### [WORK ORDER]
Return every line below in which "UNIV" appears.

### [WORKING DATA]
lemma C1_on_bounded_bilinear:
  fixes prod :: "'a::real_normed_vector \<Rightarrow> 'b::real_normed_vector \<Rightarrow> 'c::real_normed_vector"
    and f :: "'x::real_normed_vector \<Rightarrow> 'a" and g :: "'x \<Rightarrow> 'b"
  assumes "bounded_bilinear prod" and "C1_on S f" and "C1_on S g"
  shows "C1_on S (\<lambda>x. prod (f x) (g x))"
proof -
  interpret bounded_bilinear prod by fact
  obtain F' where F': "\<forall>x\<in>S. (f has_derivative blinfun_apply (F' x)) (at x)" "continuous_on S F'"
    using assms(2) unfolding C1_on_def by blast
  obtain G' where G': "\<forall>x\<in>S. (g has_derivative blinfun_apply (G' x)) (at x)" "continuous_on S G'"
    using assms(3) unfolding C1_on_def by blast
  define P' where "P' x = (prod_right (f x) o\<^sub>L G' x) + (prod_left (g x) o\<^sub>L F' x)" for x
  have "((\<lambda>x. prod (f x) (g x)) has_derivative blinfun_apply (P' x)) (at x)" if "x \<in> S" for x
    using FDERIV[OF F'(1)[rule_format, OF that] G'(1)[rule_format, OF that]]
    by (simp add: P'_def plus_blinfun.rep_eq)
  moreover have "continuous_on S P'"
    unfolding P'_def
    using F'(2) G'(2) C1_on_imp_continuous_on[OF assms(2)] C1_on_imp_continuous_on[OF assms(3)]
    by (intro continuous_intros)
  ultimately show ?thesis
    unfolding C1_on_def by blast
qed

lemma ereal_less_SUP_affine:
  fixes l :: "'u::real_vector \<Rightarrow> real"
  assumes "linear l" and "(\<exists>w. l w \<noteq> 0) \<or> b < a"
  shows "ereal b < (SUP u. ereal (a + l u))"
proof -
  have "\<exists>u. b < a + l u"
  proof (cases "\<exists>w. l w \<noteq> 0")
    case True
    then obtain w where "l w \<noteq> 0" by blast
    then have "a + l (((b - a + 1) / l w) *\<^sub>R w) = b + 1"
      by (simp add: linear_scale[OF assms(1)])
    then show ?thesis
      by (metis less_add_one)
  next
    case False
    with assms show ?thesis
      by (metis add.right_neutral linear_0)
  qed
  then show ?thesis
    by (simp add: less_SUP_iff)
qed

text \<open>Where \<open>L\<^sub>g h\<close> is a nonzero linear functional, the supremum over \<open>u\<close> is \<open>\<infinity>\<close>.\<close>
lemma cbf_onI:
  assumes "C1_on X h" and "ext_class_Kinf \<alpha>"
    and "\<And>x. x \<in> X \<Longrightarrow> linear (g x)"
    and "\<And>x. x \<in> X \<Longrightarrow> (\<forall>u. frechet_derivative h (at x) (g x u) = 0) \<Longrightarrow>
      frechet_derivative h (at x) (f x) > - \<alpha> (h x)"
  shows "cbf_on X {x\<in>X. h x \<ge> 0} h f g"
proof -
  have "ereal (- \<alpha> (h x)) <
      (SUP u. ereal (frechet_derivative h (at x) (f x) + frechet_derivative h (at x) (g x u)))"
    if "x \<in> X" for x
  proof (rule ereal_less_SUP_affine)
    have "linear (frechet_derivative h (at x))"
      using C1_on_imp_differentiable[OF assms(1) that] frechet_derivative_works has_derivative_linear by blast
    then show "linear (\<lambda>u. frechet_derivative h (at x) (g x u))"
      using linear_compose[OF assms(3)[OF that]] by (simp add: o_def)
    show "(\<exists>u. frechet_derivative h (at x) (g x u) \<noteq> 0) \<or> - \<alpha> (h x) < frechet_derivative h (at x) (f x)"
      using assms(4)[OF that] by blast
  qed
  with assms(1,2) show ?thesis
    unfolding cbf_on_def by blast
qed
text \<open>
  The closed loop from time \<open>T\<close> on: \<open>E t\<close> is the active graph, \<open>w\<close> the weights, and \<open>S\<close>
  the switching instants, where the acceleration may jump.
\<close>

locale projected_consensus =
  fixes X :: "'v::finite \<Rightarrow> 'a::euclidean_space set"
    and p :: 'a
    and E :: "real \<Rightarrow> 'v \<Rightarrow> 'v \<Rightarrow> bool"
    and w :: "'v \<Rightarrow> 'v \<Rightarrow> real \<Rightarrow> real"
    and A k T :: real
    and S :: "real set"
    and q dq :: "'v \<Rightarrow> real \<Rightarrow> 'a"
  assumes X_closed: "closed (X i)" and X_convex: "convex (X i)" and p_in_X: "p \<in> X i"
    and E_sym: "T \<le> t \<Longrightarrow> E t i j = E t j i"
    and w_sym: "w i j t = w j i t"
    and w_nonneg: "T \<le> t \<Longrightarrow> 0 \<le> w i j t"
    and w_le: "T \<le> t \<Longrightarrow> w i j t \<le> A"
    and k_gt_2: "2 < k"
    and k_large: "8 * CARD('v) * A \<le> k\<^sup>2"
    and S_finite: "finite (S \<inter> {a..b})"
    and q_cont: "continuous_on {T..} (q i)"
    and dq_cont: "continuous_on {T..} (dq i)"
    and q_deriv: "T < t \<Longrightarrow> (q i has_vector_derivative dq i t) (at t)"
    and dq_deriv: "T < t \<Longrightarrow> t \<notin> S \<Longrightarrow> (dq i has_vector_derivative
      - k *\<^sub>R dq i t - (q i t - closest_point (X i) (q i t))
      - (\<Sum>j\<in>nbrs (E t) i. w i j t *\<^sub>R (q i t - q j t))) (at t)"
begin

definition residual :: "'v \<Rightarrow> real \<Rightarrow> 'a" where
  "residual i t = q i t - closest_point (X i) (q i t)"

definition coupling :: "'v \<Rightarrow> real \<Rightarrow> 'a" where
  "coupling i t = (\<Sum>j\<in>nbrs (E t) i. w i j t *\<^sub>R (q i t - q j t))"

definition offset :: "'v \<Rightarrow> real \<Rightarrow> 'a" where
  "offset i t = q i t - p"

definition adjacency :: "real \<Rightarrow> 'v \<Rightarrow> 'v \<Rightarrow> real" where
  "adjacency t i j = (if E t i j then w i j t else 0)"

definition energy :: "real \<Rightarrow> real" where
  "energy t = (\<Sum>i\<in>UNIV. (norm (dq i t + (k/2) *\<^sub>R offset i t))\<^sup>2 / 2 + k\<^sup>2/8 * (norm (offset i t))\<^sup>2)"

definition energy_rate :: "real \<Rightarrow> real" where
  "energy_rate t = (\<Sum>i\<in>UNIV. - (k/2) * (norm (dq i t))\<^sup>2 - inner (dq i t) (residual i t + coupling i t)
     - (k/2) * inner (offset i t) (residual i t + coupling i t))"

---

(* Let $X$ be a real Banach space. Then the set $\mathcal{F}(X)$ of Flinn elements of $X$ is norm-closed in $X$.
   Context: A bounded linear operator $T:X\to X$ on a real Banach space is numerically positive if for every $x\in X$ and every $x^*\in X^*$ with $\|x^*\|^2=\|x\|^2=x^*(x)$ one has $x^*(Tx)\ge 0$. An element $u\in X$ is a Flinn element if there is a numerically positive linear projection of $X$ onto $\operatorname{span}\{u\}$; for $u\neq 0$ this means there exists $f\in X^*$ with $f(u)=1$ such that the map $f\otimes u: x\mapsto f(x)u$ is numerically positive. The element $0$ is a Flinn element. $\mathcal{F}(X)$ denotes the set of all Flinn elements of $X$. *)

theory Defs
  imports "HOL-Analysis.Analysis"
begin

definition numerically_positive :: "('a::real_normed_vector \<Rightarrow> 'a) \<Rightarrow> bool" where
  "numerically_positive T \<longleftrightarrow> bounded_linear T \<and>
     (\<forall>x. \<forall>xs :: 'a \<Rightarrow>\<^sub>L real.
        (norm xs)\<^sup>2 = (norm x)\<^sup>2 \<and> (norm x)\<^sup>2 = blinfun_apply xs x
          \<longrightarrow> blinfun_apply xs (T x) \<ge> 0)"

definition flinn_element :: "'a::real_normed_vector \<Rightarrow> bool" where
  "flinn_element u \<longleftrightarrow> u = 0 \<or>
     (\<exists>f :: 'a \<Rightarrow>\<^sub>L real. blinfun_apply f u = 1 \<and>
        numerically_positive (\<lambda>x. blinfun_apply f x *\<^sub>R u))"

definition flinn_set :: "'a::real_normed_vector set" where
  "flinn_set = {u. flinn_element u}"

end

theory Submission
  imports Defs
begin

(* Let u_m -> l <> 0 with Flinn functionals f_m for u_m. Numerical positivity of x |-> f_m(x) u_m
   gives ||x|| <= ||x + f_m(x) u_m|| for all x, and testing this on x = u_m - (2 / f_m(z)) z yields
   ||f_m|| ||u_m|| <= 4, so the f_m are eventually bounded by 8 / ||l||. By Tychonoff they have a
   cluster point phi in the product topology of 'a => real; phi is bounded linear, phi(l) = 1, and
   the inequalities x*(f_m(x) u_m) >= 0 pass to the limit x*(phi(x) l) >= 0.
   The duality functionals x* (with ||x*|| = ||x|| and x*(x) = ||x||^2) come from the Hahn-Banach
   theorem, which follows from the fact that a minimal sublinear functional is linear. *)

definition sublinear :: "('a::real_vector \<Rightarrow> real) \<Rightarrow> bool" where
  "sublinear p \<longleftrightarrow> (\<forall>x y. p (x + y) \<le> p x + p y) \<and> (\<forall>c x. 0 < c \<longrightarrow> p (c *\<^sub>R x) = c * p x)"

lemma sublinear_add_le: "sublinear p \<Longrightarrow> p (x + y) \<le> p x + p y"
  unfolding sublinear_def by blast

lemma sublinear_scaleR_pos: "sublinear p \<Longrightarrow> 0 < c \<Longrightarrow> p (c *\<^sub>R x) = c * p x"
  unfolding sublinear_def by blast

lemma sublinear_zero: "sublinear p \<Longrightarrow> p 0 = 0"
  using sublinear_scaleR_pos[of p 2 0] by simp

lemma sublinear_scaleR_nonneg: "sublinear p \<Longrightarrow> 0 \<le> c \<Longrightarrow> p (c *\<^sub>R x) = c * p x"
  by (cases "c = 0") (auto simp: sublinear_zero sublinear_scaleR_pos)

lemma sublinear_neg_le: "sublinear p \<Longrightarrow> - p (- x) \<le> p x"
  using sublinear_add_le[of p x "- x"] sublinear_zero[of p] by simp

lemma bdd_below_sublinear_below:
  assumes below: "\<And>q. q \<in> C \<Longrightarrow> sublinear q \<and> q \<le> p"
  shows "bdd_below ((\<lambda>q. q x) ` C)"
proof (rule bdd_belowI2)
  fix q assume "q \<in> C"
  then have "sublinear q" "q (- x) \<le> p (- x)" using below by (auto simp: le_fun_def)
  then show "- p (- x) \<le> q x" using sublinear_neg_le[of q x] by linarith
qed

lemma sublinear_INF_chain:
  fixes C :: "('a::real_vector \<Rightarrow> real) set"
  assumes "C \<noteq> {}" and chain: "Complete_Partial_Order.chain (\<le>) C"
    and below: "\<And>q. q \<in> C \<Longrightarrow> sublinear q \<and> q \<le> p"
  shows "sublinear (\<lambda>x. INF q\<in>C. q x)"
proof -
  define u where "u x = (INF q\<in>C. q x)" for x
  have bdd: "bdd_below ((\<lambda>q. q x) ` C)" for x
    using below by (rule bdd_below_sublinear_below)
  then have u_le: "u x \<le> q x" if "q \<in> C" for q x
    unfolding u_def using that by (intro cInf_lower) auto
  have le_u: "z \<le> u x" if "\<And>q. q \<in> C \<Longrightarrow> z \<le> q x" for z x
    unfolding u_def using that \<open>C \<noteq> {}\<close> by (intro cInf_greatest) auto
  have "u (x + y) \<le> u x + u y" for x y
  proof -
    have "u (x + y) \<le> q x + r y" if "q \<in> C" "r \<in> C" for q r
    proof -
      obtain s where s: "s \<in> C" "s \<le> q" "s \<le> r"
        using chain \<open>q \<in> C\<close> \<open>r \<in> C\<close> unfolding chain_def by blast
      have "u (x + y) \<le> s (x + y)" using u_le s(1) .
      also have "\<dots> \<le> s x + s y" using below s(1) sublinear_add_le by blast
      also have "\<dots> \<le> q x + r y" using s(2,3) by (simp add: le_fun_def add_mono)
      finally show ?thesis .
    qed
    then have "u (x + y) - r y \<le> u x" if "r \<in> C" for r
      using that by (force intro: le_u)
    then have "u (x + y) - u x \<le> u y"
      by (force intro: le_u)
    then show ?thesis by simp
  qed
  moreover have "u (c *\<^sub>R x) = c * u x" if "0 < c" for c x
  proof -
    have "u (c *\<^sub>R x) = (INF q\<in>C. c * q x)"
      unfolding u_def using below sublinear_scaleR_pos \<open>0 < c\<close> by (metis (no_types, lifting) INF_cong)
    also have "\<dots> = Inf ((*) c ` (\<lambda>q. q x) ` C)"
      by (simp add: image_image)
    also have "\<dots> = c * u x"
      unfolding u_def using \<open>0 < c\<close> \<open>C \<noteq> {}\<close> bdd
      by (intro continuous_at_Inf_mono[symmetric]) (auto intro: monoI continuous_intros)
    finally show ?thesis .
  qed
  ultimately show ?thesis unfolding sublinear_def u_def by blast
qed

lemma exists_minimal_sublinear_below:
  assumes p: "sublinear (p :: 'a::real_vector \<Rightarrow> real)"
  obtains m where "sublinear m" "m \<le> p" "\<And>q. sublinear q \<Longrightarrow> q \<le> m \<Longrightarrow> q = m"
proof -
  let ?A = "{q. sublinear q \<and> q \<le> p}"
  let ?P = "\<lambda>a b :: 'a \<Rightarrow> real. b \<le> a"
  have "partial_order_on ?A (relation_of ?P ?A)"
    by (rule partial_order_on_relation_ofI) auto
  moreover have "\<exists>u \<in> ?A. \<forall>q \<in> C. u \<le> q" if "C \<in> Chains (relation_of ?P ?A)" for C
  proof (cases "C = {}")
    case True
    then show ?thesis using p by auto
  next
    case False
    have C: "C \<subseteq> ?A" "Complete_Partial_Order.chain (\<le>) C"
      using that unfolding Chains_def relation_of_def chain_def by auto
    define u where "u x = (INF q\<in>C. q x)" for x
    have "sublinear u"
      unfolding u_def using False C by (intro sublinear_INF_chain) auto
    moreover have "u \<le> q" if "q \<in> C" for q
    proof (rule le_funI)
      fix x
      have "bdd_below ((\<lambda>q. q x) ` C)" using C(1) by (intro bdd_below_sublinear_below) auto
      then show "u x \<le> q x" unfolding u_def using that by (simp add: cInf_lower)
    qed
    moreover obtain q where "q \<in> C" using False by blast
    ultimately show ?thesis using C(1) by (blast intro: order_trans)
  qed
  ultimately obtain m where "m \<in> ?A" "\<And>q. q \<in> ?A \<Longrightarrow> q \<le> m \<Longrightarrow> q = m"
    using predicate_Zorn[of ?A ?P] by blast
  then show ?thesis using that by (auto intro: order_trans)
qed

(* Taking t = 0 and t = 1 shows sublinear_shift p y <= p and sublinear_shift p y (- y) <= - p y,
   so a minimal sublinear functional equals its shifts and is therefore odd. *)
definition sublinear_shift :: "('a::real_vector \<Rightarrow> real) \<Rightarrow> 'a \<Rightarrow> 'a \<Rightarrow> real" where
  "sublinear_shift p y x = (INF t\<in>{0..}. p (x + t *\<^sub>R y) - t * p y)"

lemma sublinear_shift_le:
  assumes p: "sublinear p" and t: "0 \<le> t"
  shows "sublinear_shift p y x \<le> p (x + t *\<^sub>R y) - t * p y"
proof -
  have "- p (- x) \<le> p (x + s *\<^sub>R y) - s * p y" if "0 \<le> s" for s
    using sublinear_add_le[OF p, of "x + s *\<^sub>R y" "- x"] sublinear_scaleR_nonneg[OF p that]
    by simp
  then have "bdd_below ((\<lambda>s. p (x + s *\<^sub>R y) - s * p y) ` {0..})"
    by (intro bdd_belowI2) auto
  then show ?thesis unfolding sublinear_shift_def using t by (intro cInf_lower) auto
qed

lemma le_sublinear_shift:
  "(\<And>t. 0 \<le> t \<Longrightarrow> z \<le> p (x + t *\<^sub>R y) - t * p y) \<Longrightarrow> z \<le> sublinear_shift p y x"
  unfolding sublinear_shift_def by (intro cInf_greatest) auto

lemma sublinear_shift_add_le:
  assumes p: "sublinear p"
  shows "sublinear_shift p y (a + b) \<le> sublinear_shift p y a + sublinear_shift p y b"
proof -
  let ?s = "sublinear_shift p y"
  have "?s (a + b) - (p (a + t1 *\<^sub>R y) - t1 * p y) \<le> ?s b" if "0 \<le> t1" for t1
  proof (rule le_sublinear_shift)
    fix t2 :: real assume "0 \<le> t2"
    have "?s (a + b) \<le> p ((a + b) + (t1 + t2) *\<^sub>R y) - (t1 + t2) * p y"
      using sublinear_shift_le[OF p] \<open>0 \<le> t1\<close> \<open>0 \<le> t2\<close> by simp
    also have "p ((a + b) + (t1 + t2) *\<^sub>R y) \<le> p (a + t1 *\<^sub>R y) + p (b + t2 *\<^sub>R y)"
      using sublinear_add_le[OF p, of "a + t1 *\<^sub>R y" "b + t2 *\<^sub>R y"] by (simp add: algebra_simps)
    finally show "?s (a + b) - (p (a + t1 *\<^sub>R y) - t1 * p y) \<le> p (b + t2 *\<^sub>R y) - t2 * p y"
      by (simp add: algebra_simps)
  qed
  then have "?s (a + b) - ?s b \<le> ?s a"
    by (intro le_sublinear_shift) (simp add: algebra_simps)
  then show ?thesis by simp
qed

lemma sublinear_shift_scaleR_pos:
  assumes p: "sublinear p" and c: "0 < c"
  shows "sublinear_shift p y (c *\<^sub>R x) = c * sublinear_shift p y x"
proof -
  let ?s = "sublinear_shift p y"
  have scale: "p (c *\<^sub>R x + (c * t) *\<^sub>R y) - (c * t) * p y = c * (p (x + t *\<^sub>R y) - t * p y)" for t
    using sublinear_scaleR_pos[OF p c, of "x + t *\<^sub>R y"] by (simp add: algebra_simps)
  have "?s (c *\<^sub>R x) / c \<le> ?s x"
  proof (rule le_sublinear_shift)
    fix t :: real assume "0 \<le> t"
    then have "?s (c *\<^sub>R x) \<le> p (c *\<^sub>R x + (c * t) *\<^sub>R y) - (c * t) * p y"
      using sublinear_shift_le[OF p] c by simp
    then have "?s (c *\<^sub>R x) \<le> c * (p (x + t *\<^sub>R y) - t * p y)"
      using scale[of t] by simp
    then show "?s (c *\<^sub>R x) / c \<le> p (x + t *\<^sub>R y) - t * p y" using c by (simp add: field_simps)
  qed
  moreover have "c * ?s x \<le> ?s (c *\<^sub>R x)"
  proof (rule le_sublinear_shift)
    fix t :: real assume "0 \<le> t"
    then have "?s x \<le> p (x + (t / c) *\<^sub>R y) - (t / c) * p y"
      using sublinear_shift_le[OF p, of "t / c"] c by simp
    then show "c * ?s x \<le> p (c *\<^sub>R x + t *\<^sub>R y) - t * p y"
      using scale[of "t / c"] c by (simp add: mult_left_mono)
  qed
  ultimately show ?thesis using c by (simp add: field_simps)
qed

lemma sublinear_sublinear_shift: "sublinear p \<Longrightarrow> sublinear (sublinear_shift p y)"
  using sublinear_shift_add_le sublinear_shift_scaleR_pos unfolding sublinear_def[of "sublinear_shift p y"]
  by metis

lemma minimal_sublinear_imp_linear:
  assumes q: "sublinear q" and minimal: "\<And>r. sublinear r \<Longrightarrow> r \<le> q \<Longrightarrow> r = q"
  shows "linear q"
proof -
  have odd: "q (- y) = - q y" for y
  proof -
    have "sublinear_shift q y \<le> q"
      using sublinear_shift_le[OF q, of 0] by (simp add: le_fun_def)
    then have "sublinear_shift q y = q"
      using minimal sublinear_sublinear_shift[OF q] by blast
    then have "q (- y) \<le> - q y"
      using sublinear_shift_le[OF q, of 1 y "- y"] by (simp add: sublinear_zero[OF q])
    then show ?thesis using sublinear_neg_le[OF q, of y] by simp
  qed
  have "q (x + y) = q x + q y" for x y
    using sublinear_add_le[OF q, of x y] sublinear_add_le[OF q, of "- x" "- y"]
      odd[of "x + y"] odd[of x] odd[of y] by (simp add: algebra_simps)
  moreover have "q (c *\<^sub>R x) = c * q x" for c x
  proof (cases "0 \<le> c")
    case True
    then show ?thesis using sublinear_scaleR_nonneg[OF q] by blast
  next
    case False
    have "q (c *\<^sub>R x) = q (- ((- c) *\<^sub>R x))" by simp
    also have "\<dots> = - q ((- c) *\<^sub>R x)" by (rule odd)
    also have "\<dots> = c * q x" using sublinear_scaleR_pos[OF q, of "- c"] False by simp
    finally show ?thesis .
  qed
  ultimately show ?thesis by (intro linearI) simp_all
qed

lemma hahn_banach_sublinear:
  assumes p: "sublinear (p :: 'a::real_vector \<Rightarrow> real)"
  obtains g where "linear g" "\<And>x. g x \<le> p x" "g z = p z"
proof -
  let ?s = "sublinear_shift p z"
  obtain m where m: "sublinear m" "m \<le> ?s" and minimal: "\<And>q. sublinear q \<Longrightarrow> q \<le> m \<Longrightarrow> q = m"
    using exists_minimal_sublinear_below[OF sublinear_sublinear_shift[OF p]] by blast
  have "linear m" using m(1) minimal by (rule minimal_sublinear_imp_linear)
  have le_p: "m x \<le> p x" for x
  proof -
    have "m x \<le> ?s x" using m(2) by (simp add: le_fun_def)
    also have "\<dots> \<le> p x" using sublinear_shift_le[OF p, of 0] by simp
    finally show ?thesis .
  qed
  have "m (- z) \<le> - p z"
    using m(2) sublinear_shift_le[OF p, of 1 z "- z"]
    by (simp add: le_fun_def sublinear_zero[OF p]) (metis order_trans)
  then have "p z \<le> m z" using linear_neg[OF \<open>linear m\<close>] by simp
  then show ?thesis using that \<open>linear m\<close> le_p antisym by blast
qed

### [FINISHED TASK]
  "energy t = (\<Sum>i\<in>UNIV. (norm (dq i t + (k/2) *\<^sub>R offset i t))\<^sup>2 / 2 + k\<^sup>2/8 * (norm (offset i t))\<^sup>2)"
  "energy_rate t = (\<Sum>i\<in>UNIV. - (k/2) * (norm (dq i t))\<^sup>2 - inner (dq i t) (residual i t + coupling i t)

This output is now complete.